The transesterification reaction using methanol and ethanol is well known to the man skilled in the art. It most commonly uses homogeneous catalysts, for example acid catalysts (sulfonic acids, sulfuric acid, etc.), as described notably in patent U.S. Pat. No. 4,695,411, various metallic compounds, for example metallic salts such as titanium, zinc, magnesium, tin, antimony or lead salts, and these metallic compounds can be used in form of alcoholates, alkyl derivatives or oxides. Preferably, owing to the high reactivity thereof, homogeneous basic catalysts of NaOH, KOH or LiOH type in solution in methanol are more particularly used, or directly alcoholates of these metals, or even certain carbonates such as potassium carbonate and sodium carbonate for example, as mentioned by Freedman B. Et al.: JAOCS 61 No. 10, p. 1638; by Pryde E. H., “Vegetable Oil Fuels”, Proc. Int. Conf., Fargo, N.D., 1982, pp. 117-122; and in patent U.S. Pat. No. 2,383,602.
Transesterification in the presence of methanol is generally carried out in a single catalysis stage in the case of a batch reaction or at least in two catalysis stages in the case of a continuous operation using overflow reactors as described in patent U.S. Pat. No. 5,354,878.

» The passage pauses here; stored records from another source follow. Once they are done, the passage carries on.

text \<open>Partial quotients a_n for n >= 1: alpha = 1/(a_1 + 1/(a_2 + ...)).\<close>
definition cf_a :: "real \<Rightarrow> nat \<Rightarrow> int" where
  "cf_a \<alpha> n = \<lfloor>1 / cf_rem \<alpha> (n - 1)\<rfloor>"

text \<open>Convergents, shifted by one: cf_pq alpha n = (p_{n-1}, q_{n-1}),
  so that cf_pq alpha 0 = (p_{-1}, q_{-1}) = (1, 0), cf_pq alpha 1 = (p_0,q_0) = (0,1).\<close>
fun cf_pq :: "real \<Rightarrow> nat \<Rightarrow> int \<times> int" where
  "cf_pq \<alpha> 0 = (1, 0)"
| "cf_pq \<alpha> (Suc 0) = (0, 1)"
| "cf_pq \<alpha> (Suc (Suc n)) =
     (cf_a \<alpha> (Suc n) * fst (cf_pq \<alpha> (Suc n)) + fst (cf_pq \<alpha> n),
      cf_a \<alpha> (Suc n) * snd (cf_pq \<alpha> (Suc n)) + snd (cf_pq \<alpha> n))"

definition cf_p :: "real \<Rightarrow> nat \<Rightarrow> int" where
  "cf_p \<alpha> n = fst (cf_pq \<alpha> (Suc n))"

definition cf_q :: "real \<Rightarrow> nat \<Rightarrow> int" where
  "cf_q \<alpha> n = snd (cf_pq \<alpha> (Suc n))"

end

The ethanolysis methods described are few and much less effective than those using methanol. In fact, with ethanol and with the same alcohol/oil molar ratio than with methanol, it is impossible to obtain naturally separation of the glycerol formed (see notably patent U.S. Pat. No. 2,383,602).
The solvent power of ethanol being much higher than that of methanol, the consequence is that the glycerin formed during the reaction is made soluble. The conversion to esters is penalized thereby, which does not allow a high conversion in a single reaction stage to be obtained.

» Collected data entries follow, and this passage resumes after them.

(* Consider the semi-discrete scheme $$\frac{du_i}{dt}=\frac{1}{\Delta x}\big(F_{i-1/2}-F_{i+1/2}\big)+\bar u_{i-1/2},\qquad \bar u_{i+1/2}=\frac{u_i+u_{i+1}}2,$$ $$F_{i+1/2}=\begin{cases}u_i^2/2 & \text{if }\bar u_{i+1/2}>0,\\ 0&\text{if }\bar u_{i+1/2}=0,\\ u_{i+1}^2/2&\text{if }\bar u_{i+1/2}<0,\end{cases}$$ for the equation $u_t+(u^2/2)_x=u$, with $\Delta x>0$. Let $\{u_i\}$ be a sequence at which the right-hand side vanishes for every index $i$ involved (an equilibrium). Then: - (i) there is no index $i$ with $\bar u_{i-1/2}<0$ and $\bar u_{i+1/2}>0$; - (ii) there is no index $i$ with $\bar u_{i-3/2}<0$, $\bar u_{i-1/2}=0$ and $\bar u_{i+1/2}>0$.
   Context: The unknowns $u_i$ are real numbers indexed by the cells of a uniform mesh with spacing $\Delta x$. An equilibrium of the scheme is a sequence $\{u_i\}$ with $F_{i-1/2}-F_{i+1/2}+\Delta x\,\bar u_{i-1/2}=0$ for all $i$. *)

theory Defs
  imports Complex_Main
begin

text \<open>Cells are indexed by integers; u :: int => real. ubar u i stands for
  the interface average at i+1/2, and flux u i for F at i+1/2.\<close>

definition ubar :: "(int \<Rightarrow> real) \<Rightarrow> int \<Rightarrow> real" where
  "ubar u i = (u i + u (i + 1)) / 2"

definition flux :: "(int \<Rightarrow> real) \<Rightarrow> int \<Rightarrow> real" where
  "flux u i = (if ubar u i > 0 then (u i)^2 / 2
               else if ubar u i = 0 then 0
               else (u (i + 1))^2 / 2)"

definition equilibrium :: "real \<Rightarrow> (int \<Rightarrow> real) \<Rightarrow> bool" where
  "equilibrium dx u \<longleftrightarrow>
     (\<forall>i. flux u (i - 1) - flux u i + dx * ubar u (i - 1) = 0)"

end

theory Submission
  imports Defs
begin

text \<open>At an equilibrium the balance at cell i reads
  dx * ubar(i-1/2) = F(i+1/2) - F(i-1/2), so any configuration whose two interface fluxes
  coincide forces ubar(i-1/2) = 0. An expansion ubar(i-1/2) < 0 < ubar(i+1/2) has both
  fluxes equal to u_i^2/2. In the configuration with a zero interface in between, the
  balance at cell i gives u_i^2/2 = 0, hence u_i = u_(i-1) = 0; then both fluxes around
  cell i-1 vanish, contradicting ubar(i-3/2) < 0.\<close>

lemma flux_of_ubar_pos: "ubar u i > 0 \<Longrightarrow> flux u i = (u i)^2 / 2"
  by (simp add: flux_def)

lemma flux_of_ubar_zero: "ubar u i = 0 \<Longrightarrow> flux u i = 0"
  by (simp add: flux_def)

lemma flux_of_ubar_neg: "ubar u i < 0 \<Longrightarrow> flux u i = (u (i + 1))^2 / 2"
  by (simp add: flux_def)

lemma equilibrium_balance:
  assumes "equilibrium dx u"
  shows "dx * ubar u (i - 1) = flux u i - flux u (i - 1)"
proof -
  have "flux u (i - 1) - flux u i + dx * ubar u (i - 1) = 0"
    using assms unfolding equilibrium_def by blast
  then show ?thesis by linarith
qed

lemma equilibrium_equal_fluxes_imp_ubar_zero:
  assumes "dx > 0" and "equilibrium dx u" and "flux u (i - 1) = flux u i"
  shows "ubar u (i - 1) = 0"
  using equilibrium_balance[OF assms(2), of i] assms(1,3) by simp

lemma equilibrium_no_expansion:
  assumes "dx > 0" and "equilibrium dx u"
  shows "\<not> (ubar u (i - 1) < 0 \<and> ubar u i > 0)"
proof
  assume expansion: "ubar u (i - 1) < 0 \<and> ubar u i > 0"
  then have "flux u (i - 1) = flux u i"
    using flux_of_ubar_neg[of u "i - 1"] flux_of_ubar_pos[of u i] by simp
  then show False
    using equilibrium_equal_fluxes_imp_ubar_zero[OF assms] expansion by simp
qed

lemma equilibrium_no_expansion_through_zero:
  assumes "dx > 0" and "equilibrium dx u"
  shows "\<not> (ubar u (i - 2) < 0 \<and> ubar u (i - 1) = 0 \<and> ubar u i > 0)"
proof
  assume config: "ubar u (i - 2) < 0 \<and> ubar u (i - 1) = 0 \<and> ubar u i > 0"
  then have zero_flux: "flux u (i - 1) = 0"
    by (simp add: flux_of_ubar_zero)
  have "(u i)^2 / 2 = 0"
    using equilibrium_balance[OF assms(2), of i] config zero_flux
    by (simp add: flux_of_ubar_pos)
  then have "u i = 0" by simp
  with config have "u (i - 1) = 0"
    by (simp add: ubar_def)
  with config have "flux u (i - 1 - 1) = flux u (i - 1)"
    using flux_of_ubar_neg[of u "i - 2"] zero_flux by simp
  then have "ubar u (i - 1 - 1) = 0"
    by (rule equilibrium_equal_fluxes_imp_ubar_zero[OF assms])
  with config show False by simp
qed

theorem mainTheorem4:
  fixes dx :: real and u :: "int \<Rightarrow> real"
  assumes "dx > 0" and "equilibrium dx u"
  shows "(\<not> (\<exists>i. ubar u (i - 1) < 0 \<and> ubar u i > 0)) \<and>
    (\<not> (\<exists>i. ubar u (i - 2) < 0 \<and> ubar u (i - 1) = 0 \<and> ubar u i > 0))"
  using equilibrium_no_expansion[OF assms] equilibrium_no_expansion_through_zero[OF assms]
  by blast

end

A second transesterification stage is thus necessary after removing the glycerin formed from the reaction medium.
Partial ethanol distillation or addition of a certain amount of water or of a third solvent such as a hydrocarbon, n-heptane for example, allows the solubility of the glycerin to be decreased and a sufficient amount thereof to be eliminated, which allows to reach a high conversion in the second catalysis stage. Another option allowing high conversions to be obtained consists in distilling under certain conditions and under reduced pressure the ethyl esters produced during the first transesterification stage.